Exercise aim: When you reach the line containing "set \<Rightarrow> ('d \<Rightarrow> real) \<Rightarrow>" in the entries below, begin reproducing lines exactly, and stop once the line containing "(\<forall>e>0. \<exists>r>0. \<forall>h\<in>L2" is done.
*** Opening Data ***
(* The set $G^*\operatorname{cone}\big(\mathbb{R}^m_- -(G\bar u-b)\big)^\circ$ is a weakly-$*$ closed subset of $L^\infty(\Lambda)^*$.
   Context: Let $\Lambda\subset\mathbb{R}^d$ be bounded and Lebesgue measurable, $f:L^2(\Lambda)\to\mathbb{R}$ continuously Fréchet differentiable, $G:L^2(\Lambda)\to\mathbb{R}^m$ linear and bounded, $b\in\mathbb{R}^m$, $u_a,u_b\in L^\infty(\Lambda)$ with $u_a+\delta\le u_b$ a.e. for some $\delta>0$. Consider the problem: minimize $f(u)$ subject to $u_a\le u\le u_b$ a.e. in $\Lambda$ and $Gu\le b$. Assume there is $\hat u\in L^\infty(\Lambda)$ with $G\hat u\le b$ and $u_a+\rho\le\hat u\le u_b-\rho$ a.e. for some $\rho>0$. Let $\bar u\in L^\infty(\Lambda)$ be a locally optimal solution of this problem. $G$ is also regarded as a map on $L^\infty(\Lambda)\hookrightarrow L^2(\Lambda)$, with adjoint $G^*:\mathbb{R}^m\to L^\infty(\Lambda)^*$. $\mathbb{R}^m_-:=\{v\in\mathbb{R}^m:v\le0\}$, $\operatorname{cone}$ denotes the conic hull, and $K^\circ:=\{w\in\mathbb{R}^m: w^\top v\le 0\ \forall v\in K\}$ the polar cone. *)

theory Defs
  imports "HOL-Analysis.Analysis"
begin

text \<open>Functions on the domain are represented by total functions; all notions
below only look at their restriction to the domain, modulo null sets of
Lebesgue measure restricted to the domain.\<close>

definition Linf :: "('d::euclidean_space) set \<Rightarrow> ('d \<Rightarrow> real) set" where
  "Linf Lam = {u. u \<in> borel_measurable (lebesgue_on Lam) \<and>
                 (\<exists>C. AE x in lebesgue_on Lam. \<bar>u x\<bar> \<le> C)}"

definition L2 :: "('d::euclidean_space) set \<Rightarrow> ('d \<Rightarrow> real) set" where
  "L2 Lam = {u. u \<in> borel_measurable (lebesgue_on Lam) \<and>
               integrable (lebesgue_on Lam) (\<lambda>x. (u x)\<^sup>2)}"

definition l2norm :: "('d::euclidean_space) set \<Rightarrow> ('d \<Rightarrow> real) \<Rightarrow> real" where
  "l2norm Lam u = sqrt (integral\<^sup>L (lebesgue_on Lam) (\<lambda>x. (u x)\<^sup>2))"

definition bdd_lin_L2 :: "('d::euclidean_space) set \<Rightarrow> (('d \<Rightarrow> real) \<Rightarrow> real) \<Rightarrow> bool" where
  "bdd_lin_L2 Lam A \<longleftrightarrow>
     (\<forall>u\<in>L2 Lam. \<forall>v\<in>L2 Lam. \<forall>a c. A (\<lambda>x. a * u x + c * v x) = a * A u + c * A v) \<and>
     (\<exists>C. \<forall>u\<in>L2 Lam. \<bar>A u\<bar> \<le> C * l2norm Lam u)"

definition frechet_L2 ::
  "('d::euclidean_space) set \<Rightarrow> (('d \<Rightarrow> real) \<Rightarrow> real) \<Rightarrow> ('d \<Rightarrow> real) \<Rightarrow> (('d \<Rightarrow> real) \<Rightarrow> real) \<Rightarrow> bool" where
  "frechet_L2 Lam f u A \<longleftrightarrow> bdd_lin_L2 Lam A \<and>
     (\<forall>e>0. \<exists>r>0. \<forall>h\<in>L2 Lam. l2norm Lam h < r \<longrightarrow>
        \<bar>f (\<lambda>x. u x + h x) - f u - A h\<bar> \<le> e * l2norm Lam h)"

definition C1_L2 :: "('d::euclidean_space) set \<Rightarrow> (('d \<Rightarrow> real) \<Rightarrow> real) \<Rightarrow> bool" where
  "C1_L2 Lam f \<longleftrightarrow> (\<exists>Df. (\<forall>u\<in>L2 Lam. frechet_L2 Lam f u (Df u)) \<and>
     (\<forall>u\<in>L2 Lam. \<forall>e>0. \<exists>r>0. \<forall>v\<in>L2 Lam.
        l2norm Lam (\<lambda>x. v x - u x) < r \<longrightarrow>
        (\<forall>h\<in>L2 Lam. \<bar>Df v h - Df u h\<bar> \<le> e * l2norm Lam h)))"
*** Closing Data ***
Response to the task:
definition l2norm :: "('d::euclidean_space) set \<Rightarrow> ('d \<Rightarrow> real) \<Rightarrow> real" where
  "l2norm Lam u = sqrt (integral\<^sup>L (lebesgue_on Lam) (\<lambda>x. (u x)\<^sup>2))"

definition bdd_lin_L2 :: "('d::euclidean_space) set \<Rightarrow> (('d \<Rightarrow> real) \<Rightarrow> real) \<Rightarrow> bool" where
  "bdd_lin_L2 Lam A \<longleftrightarrow>
     (\<forall>u\<in>L2 Lam. \<forall>v\<in>L2 Lam. \<forall>a c. A (\<lambda>x. a * u x + c * v x) = a * A u + c * A v) \<and>
     (\<exists>C. \<forall>u\<in>L2 Lam. \<bar>A u\<bar> \<le> C * l2norm Lam u)"

definition frechet_L2 ::
  "('d::euclidean_space) set \<Rightarrow> (('d \<Rightarrow> real) \<Rightarrow> real) \<Rightarrow> ('d \<Rightarrow> real) \<Rightarrow> (('d \<Rightarrow> real) \<Rightarrow> real) \<Rightarrow> bool" where
  "frechet_L2 Lam f u A \<longleftrightarrow> bdd_lin_L2 Lam A \<and>
     (\<forall>e>0. \<exists>r>0. \<forall>h\<in>L2 Lam. l2norm Lam h < r \<longrightarrow>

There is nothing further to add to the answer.